Among the entries below, how many lines hold "also"? Only the number is wanted.

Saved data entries
• • •
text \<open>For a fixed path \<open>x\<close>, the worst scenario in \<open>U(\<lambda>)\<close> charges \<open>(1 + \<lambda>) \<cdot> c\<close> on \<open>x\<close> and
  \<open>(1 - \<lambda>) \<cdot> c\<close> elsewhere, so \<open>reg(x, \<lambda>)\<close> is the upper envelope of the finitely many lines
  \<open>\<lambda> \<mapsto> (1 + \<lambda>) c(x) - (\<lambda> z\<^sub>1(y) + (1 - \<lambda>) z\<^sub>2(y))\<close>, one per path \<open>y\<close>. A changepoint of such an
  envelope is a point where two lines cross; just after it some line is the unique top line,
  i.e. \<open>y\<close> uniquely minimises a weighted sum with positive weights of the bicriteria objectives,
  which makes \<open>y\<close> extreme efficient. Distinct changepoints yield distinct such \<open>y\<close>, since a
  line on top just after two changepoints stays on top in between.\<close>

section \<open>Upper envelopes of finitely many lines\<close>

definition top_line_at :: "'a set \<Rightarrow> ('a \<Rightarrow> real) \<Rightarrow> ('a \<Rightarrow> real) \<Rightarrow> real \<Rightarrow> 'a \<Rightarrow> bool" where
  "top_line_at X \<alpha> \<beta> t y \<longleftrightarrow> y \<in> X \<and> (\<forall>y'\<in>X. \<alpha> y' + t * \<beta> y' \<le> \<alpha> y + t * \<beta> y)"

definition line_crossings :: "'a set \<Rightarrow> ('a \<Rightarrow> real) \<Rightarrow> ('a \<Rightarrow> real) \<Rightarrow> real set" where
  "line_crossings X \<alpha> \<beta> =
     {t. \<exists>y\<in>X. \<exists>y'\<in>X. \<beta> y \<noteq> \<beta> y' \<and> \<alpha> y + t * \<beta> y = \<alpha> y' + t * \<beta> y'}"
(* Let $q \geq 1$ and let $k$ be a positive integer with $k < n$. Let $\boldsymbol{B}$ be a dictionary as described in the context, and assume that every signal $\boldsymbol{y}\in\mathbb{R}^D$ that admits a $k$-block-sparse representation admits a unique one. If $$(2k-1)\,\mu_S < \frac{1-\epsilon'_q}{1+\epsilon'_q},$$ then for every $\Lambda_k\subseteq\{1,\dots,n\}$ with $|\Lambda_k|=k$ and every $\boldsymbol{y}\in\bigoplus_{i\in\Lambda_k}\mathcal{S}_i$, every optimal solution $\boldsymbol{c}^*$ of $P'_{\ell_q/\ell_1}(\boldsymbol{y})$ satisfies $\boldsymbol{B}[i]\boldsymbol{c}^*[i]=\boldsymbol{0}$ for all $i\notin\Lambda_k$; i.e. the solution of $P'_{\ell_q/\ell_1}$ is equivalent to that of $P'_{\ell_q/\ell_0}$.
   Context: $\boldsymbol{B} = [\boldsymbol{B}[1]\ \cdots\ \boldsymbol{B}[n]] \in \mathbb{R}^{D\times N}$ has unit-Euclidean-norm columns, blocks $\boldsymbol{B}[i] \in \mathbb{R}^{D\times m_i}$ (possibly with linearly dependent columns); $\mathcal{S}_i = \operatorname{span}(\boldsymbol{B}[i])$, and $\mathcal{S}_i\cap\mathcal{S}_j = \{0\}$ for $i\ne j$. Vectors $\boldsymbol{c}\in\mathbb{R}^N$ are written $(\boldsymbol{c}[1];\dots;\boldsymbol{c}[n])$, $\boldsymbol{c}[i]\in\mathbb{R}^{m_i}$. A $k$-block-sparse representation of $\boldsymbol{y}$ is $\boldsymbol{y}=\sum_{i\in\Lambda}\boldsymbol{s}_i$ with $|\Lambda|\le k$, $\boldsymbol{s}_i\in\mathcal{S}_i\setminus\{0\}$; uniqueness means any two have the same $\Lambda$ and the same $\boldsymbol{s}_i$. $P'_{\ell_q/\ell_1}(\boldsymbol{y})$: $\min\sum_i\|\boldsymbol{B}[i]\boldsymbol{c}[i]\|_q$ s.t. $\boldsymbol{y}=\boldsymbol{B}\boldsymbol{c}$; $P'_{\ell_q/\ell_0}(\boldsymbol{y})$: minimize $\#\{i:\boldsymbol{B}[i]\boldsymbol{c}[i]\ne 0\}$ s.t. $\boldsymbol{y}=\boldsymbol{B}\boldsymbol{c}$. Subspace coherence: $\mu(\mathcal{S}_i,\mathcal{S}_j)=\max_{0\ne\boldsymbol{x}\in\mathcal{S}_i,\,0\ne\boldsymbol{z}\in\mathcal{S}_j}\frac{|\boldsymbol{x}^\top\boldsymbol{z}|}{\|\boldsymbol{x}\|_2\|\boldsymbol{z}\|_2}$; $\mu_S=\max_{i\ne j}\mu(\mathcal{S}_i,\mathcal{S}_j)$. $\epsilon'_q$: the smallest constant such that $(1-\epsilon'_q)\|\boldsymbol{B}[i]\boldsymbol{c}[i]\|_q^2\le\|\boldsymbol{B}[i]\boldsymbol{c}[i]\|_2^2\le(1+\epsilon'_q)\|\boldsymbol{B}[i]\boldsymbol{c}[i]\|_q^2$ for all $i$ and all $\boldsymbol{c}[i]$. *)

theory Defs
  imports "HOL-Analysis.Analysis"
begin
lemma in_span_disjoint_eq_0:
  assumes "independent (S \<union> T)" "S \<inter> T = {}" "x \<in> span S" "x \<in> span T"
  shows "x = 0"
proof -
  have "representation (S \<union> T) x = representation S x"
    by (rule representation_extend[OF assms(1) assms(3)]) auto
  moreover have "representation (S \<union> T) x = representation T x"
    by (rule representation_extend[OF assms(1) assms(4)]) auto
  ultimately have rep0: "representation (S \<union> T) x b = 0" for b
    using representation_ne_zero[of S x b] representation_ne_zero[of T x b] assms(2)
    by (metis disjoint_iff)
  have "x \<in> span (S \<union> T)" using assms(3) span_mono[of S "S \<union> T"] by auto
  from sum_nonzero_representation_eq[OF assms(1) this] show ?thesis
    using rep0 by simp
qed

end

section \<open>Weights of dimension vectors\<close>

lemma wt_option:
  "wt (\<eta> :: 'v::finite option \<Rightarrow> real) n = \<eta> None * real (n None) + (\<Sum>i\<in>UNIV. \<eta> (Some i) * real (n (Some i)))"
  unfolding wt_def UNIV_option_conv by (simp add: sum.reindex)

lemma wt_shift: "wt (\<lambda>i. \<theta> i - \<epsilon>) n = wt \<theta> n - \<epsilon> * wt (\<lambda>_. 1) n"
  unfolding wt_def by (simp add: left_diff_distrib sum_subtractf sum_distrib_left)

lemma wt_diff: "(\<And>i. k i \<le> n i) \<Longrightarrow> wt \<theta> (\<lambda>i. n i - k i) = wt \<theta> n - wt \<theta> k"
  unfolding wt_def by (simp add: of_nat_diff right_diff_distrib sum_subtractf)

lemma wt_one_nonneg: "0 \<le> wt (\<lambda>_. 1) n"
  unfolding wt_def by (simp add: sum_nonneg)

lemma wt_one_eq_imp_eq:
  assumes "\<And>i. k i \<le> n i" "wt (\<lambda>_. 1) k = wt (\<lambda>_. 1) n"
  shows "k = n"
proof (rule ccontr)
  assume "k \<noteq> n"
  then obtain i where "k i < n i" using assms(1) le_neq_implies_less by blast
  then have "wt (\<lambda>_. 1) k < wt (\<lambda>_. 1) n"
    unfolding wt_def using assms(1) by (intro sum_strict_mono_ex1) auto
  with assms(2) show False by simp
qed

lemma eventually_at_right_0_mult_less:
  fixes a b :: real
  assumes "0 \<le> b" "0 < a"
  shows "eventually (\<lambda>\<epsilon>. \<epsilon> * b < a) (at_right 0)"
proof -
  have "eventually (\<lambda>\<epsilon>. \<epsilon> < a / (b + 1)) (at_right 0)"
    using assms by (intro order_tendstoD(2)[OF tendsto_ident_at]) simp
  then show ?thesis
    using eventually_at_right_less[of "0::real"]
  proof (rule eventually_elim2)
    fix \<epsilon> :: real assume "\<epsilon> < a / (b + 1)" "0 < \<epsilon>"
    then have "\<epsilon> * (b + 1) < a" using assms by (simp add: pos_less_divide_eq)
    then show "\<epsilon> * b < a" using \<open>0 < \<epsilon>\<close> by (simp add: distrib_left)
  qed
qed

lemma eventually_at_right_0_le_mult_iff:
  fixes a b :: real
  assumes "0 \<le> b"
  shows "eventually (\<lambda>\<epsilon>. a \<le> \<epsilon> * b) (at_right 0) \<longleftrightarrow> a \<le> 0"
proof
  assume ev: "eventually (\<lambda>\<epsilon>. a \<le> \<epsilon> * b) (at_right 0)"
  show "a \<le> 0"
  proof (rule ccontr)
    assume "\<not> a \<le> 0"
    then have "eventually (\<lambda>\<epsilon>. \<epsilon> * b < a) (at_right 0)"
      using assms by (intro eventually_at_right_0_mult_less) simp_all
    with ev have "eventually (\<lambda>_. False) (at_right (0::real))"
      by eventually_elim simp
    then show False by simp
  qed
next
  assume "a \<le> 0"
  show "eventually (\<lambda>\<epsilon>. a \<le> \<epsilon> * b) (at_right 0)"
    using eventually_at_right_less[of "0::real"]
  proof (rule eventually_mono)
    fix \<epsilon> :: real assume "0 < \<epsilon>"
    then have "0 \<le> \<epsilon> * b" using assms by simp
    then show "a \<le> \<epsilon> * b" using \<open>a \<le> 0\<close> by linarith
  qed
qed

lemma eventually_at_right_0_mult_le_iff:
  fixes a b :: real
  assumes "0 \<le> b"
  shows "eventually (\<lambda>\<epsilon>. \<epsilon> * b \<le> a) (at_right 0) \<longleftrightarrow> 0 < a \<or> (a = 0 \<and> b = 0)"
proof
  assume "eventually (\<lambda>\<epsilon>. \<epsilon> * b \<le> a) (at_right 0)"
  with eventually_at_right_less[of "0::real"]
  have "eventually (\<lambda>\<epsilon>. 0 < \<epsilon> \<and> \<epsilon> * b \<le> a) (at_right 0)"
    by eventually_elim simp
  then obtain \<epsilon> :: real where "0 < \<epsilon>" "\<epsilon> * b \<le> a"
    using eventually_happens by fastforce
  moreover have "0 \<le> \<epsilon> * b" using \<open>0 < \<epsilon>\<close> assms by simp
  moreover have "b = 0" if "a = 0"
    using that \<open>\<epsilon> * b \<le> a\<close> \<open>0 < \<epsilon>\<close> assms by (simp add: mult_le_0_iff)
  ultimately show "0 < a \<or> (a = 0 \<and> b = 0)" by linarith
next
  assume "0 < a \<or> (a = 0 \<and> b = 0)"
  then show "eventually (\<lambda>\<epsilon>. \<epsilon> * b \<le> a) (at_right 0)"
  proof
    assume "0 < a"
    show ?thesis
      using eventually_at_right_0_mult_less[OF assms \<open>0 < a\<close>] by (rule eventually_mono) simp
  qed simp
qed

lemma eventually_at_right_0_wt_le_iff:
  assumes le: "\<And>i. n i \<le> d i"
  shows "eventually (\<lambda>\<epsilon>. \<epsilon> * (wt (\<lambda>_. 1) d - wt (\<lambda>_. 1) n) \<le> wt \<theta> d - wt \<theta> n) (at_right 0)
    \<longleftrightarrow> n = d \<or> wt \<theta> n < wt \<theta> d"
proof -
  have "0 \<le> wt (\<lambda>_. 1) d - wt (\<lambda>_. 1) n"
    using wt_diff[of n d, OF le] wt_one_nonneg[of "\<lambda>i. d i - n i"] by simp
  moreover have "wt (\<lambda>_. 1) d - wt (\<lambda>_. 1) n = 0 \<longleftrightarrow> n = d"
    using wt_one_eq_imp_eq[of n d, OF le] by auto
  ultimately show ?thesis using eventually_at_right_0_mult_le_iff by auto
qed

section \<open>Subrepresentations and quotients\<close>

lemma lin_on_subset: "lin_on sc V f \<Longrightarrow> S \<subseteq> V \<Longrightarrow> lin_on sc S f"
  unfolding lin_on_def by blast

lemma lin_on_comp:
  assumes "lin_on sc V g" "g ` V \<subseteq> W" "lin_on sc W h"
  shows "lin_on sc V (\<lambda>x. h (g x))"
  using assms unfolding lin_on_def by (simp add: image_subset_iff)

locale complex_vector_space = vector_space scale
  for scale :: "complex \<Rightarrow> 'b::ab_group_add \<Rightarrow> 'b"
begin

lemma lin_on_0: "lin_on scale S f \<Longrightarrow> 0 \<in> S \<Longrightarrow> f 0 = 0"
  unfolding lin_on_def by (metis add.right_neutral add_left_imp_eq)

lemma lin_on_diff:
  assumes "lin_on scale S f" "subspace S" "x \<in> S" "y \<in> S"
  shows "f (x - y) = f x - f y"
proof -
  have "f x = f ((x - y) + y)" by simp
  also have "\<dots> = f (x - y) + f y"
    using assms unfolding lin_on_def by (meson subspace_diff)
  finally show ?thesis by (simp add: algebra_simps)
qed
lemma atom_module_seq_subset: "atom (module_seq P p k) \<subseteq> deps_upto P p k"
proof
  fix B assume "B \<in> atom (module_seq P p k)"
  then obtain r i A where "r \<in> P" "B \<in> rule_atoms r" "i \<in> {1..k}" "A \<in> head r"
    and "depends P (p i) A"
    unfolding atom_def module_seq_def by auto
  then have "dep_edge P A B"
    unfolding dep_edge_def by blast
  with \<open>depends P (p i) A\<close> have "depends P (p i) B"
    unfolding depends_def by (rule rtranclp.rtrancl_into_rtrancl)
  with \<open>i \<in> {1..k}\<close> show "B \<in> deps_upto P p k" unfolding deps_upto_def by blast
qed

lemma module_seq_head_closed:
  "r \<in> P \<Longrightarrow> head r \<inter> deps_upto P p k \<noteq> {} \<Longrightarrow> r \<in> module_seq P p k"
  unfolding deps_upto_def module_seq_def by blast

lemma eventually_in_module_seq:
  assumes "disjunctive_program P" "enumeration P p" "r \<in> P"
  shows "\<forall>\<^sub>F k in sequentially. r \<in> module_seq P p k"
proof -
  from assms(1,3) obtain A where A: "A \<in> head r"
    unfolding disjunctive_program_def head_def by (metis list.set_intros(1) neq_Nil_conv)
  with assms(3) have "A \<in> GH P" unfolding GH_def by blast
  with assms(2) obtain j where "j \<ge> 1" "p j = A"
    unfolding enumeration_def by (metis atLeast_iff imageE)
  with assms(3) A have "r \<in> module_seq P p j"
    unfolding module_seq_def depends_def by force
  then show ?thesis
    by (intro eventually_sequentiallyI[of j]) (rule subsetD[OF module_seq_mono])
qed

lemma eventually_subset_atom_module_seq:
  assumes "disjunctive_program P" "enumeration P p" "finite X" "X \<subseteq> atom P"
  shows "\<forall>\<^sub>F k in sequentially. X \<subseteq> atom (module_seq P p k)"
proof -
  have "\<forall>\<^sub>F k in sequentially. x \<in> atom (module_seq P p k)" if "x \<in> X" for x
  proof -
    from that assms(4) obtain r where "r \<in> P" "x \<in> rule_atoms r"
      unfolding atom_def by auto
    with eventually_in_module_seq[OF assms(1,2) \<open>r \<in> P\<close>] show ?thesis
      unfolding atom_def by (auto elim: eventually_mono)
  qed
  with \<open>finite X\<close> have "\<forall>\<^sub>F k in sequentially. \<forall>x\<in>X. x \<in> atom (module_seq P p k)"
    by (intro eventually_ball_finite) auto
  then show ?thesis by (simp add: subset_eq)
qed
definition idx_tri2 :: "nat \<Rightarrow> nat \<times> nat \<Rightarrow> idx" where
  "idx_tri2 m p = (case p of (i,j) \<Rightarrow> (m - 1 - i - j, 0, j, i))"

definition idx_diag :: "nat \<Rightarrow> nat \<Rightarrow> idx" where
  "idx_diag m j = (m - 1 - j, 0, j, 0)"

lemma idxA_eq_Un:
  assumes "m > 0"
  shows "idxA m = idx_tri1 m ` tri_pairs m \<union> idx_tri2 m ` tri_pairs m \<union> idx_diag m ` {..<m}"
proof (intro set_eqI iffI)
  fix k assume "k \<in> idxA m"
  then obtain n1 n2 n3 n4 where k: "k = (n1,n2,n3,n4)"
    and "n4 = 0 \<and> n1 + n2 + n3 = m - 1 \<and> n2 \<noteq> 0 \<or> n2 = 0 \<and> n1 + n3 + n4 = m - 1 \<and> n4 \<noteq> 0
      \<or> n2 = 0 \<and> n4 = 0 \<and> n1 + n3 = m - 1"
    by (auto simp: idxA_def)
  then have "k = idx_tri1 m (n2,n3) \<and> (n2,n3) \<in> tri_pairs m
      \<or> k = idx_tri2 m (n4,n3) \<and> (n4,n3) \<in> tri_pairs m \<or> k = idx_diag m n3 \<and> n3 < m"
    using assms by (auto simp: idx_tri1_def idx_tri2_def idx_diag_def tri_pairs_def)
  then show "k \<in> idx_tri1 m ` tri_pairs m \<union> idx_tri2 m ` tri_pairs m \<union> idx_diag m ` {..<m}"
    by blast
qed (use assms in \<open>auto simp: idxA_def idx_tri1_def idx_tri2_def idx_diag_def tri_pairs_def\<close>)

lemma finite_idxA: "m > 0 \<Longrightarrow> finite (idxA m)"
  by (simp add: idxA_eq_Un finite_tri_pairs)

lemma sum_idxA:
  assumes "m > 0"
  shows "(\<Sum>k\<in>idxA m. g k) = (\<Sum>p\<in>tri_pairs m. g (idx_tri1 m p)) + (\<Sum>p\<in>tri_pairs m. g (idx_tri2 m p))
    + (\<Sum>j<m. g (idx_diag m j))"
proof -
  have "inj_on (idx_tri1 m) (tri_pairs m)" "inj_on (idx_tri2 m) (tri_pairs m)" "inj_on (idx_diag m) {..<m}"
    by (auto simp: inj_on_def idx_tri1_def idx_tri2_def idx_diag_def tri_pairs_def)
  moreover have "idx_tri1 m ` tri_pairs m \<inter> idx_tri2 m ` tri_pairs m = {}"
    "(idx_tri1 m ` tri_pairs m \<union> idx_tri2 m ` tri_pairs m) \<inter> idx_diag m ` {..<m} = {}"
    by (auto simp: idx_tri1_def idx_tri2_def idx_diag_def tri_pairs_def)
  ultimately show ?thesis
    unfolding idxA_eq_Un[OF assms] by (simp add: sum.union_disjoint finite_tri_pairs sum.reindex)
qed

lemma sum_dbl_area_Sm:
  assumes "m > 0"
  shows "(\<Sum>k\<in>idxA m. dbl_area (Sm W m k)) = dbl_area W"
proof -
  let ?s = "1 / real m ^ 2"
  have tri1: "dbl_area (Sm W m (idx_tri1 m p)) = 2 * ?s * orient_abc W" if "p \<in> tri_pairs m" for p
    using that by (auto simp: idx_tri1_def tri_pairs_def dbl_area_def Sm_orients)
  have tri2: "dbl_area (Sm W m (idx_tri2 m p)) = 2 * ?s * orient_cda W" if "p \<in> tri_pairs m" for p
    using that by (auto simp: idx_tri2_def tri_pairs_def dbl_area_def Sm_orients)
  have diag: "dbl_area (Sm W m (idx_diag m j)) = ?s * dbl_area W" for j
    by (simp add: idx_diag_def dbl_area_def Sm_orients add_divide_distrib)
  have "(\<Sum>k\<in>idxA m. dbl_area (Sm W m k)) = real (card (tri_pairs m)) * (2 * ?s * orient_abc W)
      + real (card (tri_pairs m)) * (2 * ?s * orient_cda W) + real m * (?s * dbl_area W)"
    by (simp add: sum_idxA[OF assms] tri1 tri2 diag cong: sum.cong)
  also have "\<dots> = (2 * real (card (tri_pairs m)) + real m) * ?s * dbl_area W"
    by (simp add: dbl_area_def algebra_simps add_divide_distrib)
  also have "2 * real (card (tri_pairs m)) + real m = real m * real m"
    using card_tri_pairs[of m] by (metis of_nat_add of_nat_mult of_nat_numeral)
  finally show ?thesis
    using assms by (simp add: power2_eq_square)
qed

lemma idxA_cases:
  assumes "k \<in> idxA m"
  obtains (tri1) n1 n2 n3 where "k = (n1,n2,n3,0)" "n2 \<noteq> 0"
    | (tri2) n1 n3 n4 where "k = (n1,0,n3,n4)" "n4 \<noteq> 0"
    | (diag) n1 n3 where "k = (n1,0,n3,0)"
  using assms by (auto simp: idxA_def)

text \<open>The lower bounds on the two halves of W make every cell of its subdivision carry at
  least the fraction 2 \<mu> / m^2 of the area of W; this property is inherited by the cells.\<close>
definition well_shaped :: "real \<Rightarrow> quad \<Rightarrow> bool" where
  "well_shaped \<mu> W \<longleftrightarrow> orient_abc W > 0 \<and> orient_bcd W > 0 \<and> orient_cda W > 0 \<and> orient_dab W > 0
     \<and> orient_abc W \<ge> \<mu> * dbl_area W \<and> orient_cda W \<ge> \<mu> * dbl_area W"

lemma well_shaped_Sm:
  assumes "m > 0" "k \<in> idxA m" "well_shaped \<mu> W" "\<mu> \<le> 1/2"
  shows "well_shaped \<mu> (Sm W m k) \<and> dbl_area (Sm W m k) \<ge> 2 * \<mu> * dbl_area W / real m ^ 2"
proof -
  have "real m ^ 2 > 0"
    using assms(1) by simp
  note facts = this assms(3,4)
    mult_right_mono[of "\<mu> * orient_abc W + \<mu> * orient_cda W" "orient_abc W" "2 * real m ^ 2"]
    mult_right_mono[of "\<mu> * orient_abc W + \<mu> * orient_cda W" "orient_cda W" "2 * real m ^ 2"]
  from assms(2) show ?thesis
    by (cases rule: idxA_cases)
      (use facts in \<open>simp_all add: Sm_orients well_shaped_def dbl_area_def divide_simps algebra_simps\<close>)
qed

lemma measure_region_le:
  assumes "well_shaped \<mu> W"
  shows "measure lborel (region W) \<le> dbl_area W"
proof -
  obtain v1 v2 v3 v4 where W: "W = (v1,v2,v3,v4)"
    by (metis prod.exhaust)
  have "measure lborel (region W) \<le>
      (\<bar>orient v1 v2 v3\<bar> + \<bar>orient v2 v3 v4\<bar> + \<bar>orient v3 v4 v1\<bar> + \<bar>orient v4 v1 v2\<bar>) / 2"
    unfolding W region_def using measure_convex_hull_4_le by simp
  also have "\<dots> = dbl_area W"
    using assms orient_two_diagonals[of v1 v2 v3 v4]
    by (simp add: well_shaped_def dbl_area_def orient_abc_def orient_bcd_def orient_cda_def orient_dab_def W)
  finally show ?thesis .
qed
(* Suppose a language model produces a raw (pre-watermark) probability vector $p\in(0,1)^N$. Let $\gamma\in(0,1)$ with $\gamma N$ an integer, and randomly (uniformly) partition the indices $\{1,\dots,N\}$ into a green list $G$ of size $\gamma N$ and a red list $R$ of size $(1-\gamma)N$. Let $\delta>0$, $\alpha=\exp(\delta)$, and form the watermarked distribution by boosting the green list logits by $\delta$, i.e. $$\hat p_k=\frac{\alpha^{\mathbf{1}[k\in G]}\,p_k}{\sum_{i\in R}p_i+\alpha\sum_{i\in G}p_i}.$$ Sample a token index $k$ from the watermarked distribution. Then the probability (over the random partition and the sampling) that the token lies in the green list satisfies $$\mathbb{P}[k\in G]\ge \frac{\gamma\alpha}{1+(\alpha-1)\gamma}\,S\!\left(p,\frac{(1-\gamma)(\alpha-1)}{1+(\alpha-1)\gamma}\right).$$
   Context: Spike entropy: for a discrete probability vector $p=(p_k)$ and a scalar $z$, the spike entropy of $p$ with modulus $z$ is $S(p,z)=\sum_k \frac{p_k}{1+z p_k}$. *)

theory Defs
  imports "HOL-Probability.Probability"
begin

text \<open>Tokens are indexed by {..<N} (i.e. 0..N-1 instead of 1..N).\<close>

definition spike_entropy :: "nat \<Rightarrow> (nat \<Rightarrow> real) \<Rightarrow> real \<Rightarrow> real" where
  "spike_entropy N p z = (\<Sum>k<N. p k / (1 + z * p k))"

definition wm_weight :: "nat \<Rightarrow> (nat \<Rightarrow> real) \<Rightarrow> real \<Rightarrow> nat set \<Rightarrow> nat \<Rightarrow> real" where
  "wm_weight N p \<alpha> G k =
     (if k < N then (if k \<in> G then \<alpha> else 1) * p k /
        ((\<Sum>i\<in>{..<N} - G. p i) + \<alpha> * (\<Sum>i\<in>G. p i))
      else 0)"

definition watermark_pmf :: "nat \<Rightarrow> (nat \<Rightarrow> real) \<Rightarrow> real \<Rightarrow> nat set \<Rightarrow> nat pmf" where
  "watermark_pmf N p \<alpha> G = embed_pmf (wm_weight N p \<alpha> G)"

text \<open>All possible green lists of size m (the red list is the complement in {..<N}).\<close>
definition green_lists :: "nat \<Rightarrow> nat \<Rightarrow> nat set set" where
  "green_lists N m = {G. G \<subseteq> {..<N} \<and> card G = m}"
• • •
Answer space:
4